**Problem to solve**
Please restate, word for word, the lines below that begin at the one with "nat \<Rightarrow> nat" and end at the one with "theory Submission". Leave out all other lines.

[Start of Attachment]

(* Let $X$ be an absolutely continuous nonnegative random variable with finite moment of order $m+s-1$, where $m\geq 1$ and $s\geq 2$ are integers. Then the $s$-iterated distribution induced by $X$ has a finite moment of order $m$, given by $$\mu_{s,m}=\binom{m+s-1}{m}^{-1}\frac{\mathbb{E}X^{m+s-1}}{\mathbb{E}X^{s-1}}.$$
   Context: Let $X$ be a nonnegative absolutely continuous random variable with density $f_X$. Set $\overline{T}_{X,0}(x)=f_X(x)$ and $\mu_{X,0}=1$. For each integer $s\geq 1$ define recursively $\overline{T}_{X,s}(x)=\frac{1}{\mu_{X,s-1}}\int_x^\infty \overline{T}_{X,s-1}(t)\,dt$ for $x\geq 0$, and $\mu_{X,s}=\int_0^\infty \overline{T}_{X,s}(t)\,dt$ (assuming these integrals are finite). The function $\overline{T}_{X,s}$ is the tail (survival function) of a distribution on $[0,\infty)$, called the $s$-iterated distribution induced by $X$; for $s\geq 1$ its density is $\overline{T}_{X,s-1}/\mu_{X,s-1}$. $\mu_{s,m}$ denotes the moment of order $m$ of the $s$-iterated distribution induced by $X$. *)

theory Defs
  imports "HOL-Analysis.Analysis"
begin

primrec iter_tail :: "(real \<Rightarrow> real) \<Rightarrow> nat \<Rightarrow> real \<Rightarrow> real" where
  "iter_tail f 0 = f"
| "iter_tail f (Suc s) = (\<lambda>x. (LINT t:{x..}|lborel. iter_tail f s t) /
      (if s = 0 then 1 else (LINT t:{0..}|lborel. iter_tail f s t)))"

definition iter_mean :: "(real \<Rightarrow> real) \<Rightarrow> nat \<Rightarrow> real" where
  "iter_mean f s = (if s = 0 then 1 else (LINT t:{0..}|lborel. iter_tail f s t))"

definition iter_density :: "(real \<Rightarrow> real) \<Rightarrow> nat \<Rightarrow> real \<Rightarrow> real" where
  "iter_density f s x = iter_tail f (s - 1) x / iter_mean f (s - 1)"

definition iter_moment :: "(real \<Rightarrow> real) \<Rightarrow> nat \<Rightarrow> nat \<Rightarrow> real" where
  "iter_moment f s m = (LINT x:{0..}|lborel. x ^ m * iter_density f s x)"

definition moment :: "(real \<Rightarrow> real) \<Rightarrow> nat \<Rightarrow> real" where
  "moment f k = (LINT x:{0..}|lborel. x ^ k * f x)"

end

theory Submission
  imports Defs
begin

text \<open>Let P_j(x) be the integral of (y - x)^j f(y) over y \<ge> x, so that P_j(0) = E X^j.
  By Tonelli the integral of P_j over [x, \<infinity>) is P_(j+1)(x) / (j + 1), and induction on the
  recursive definition gives T_(X,j+1) = P_j / E X^j for j \<le> m + s - 2. Hence the density of the
  s-iterated distribution is (s - 1) P_(s-2) / E X^(s-1), and Tonelli once more, together with the
  Beta integral of x^m (y - x)^j over [0, y], which is y^(m+j+1) m! j! / (m + j + 1)!, evaluates its
  m-th moment.\<close>

lemma power_diff_has_integral:
  fixes a y :: real
  assumes "a \<le> y"
  shows "((\<lambda>t. (y - t) ^ j) has_integral (y - a) ^ (j + 1) / (j + 1)) {a..y}"
proof -
  let ?F = "\<lambda>t. - 1 * (y - t) ^ (j + 1) / (j + 1)"
  have "((\<lambda>t. (y - t) ^ j) has_integral ?F y - ?F a) {a..y}"
    apply (rule fundamental_theorem_of_calculus[OF assms])
    apply (subst has_real_derivative_iff_has_vector_derivative[symmetric])
    apply (rule derivative_eq_intros refl | simp)+
    done
  then show ?thesis by simp
qed

lemma beta_power_has_integral:
  fixes y :: real
  assumes "0 \<le> y"
  shows "((\<lambda>x. x ^ m * (y - x) ^ j) has_integral
           y ^ (m + j + 1) * fact m * fact j / fact (m + j + 1)) {0..y}"
  using assms
proof (induction m arbitrary: j)
  case 0
  then show ?case
    using power_diff_has_integral[OF 0, of j] by (simp add: divide_simps)
next
  case (Suc m)
  let ?c = "(m + 1) / (j + 1) :: real"
  \<comment> \<open>integration by parts; both boundary terms vanish\<close>
  have parts: "((\<lambda>x. x ^ (m + 1) * (y - x) ^ j - ?c * (x ^ m * (y - x) ^ (j + 1))) has_integral 0) {0..y}"
  proof -
    let ?G = "\<lambda>x::real. - 1 * x ^ (m + 1) * (y - x) ^ (j + 1) / (j + 1)"
    have "((\<lambda>x. x ^ (m + 1) * (y - x) ^ j - ?c * (x ^ m * (y - x) ^ (j + 1))) has_integral ?G y - ?G 0) {0..y}"
      apply (rule fundamental_theorem_of_calculus[OF Suc.prems])
      apply (subst has_real_derivative_iff_has_vector_derivative[symmetric])
      apply (rule derivative_eq_intros refl | simp)+
      apply (simp add: field_simps)
      done
    then show ?thesis by simp
  qed
  have IH: "((\<lambda>x. ?c * (x ^ m * (y - x) ^ (j + 1))) has_integral
      ?c * (y ^ (m + (j + 1) + 1) * fact m * fact (j + 1) / fact (m + (j + 1) + 1))) {0..y}"
    by (rule has_integral_mult_right[OF Suc.IH[OF Suc.prems]])
  have coeff: "?c * (y ^ (m + (j + 1) + 1) * fact m * fact (j + 1) / fact (m + (j + 1) + 1))
      = y ^ (Suc m + j + 1) * fact (Suc m) * fact j / fact (Suc m + j + 1)"
  proof -
    have "fact (j + 1) = (j + 1) * (fact j :: real)" "fact (Suc m) = (m + 1) * (fact m :: real)"
      by (simp_all add: fact_Suc)
    then show ?thesis
      by (simp del: fact_Suc add: ac_simps)
  qed
  have "(\<lambda>x. x ^ (m + 1) * (y - x) ^ j - ?c * (x ^ m * (y - x) ^ (j + 1)) + ?c * (x ^ m * (y - x) ^ (j + 1)))
      = (\<lambda>x. x ^ Suc m * (y - x) ^ j)"
    by simp
  with has_integral_add[OF parts IH] show ?case
    by (simp only: coeff add_0)
qed

lemma pred_atLeast_real[measurable (raw)]:
  fixes f g :: "'a \<Rightarrow> real"
  assumes [measurable]: "f \<in> borel_measurable M" "g \<in> borel_measurable M"
  shows "Measurable.pred M (\<lambda>x. f x \<in> {g x..})"
  unfolding atLeast_iff by measurable

lemma pred_atLeastAtMost_real[measurable (raw)]:
  fixes f g h :: "'a \<Rightarrow> real"
  assumes [measurable]: "f \<in> borel_measurable M" "g \<in> borel_measurable M" "h \<in> borel_measurable M"
  shows "Measurable.pred M (\<lambda>x. f x \<in> {g x..h x})"
  unfolding atLeastAtMost_iff by measurable

lemma set_integral_eq_nn_integral:
  assumes "h \<in> borel_measurable borel" "A \<in> sets borel" "\<And>t. t \<in> A \<Longrightarrow> 0 \<le> h t"
  shows "(LINT t:A|lborel. h t) = enn2real (\<integral>\<^sup>+t. ennreal (indicator A t * h t) \<partial>lborel)"
  unfolding set_lebesgue_integral_def
  using assms by (subst integral_eq_nn_integral) (auto simp: indicator_def)

definition tail_moment :: "(real \<Rightarrow> real) \<Rightarrow> nat \<Rightarrow> real \<Rightarrow> ennreal" where
  "tail_moment g j x = (\<integral>\<^sup>+y. ennreal (indicator {x..} y * (y - x) ^ j * g y) \<partial>lborel)"

lemma borel_measurable_tail_moment[measurable]:
  assumes [measurable]: "g \<in> borel_measurable borel"
  shows "tail_moment g j \<in> borel_measurable borel"
  unfolding tail_moment_def by measurable

lemma nn_integral_weighted_tail_moment:
  assumes [measurable]: "g \<in> borel_measurable borel" "w \<in> borel_measurable borel"
    and g_nonneg: "\<And>y. 0 \<le> g y" and w_nonneg: "\<And>t. a \<le> t \<Longrightarrow> 0 \<le> w t"
  shows "(\<integral>\<^sup>+t. ennreal (indicator {a..} t * w t) * tail_moment g j t \<partial>lborel)
    = (\<integral>\<^sup>+y. ennreal (indicator {a..} y * g y) *
         (\<integral>\<^sup>+t. ennreal (indicator {a..y} t * w t * (y - t) ^ j) \<partial>lborel) \<partial>lborel)"
proof -
  have "(\<integral>\<^sup>+t. ennreal (indicator {a..} t * w t) * tail_moment g j t \<partial>lborel)
     = (\<integral>\<^sup>+t. \<integral>\<^sup>+y. ennreal (indicator {a..} t * w t * indicator {t..} y * (y - t) ^ j * g y) \<partial>lborel \<partial>lborel)"
    unfolding tail_moment_def
    apply (rule nn_integral_cong)
    apply (subst nn_integral_cmult[symmetric])
     apply measurable
    apply (rule nn_integral_cong)
    using w_nonneg g_nonneg by (auto simp: indicator_def ennreal_mult[symmetric] mult_ac)
  also have "\<dots> = (\<integral>\<^sup>+y. \<integral>\<^sup>+t. ennreal (indicator {a..} t * w t * indicator {t..} y * (y - t) ^ j * g y) \<partial>lborel \<partial>lborel)"
    by (rule lborel_pair.Fubini'[symmetric]) measurable
  also have "\<dots> = (\<integral>\<^sup>+y. \<integral>\<^sup>+t. ennreal (indicator {a..} y * g y) *
         ennreal (indicator {a..y} t * w t * (y - t) ^ j) \<partial>lborel \<partial>lborel)"
    apply (rule nn_integral_cong)+
    using w_nonneg g_nonneg by (auto simp: indicator_def ennreal_mult[symmetric] mult_ac)
  also have "\<dots> = (\<integral>\<^sup>+y. ennreal (indicator {a..} y * g y) *
         (\<integral>\<^sup>+t. ennreal (indicator {a..y} t * w t * (y - t) ^ j) \<partial>lborel) \<partial>lborel)"
    by (intro nn_integral_cong nn_integral_cmult) measurable
  finally show ?thesis .
qed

[End of Attachment]

**Finished task**
definition iter_moment :: "(real \<Rightarrow> real) \<Rightarrow> nat \<Rightarrow> nat \<Rightarrow> real" where
  "iter_moment f s m = (LINT x:{0..}|lborel. x ^ m * iter_density f s x)"

definition moment :: "(real \<Rightarrow> real) \<Rightarrow> nat \<Rightarrow> real" where
  "moment f k = (LINT x:{0..}|lborel. x ^ k * f x)"

end

theory Submission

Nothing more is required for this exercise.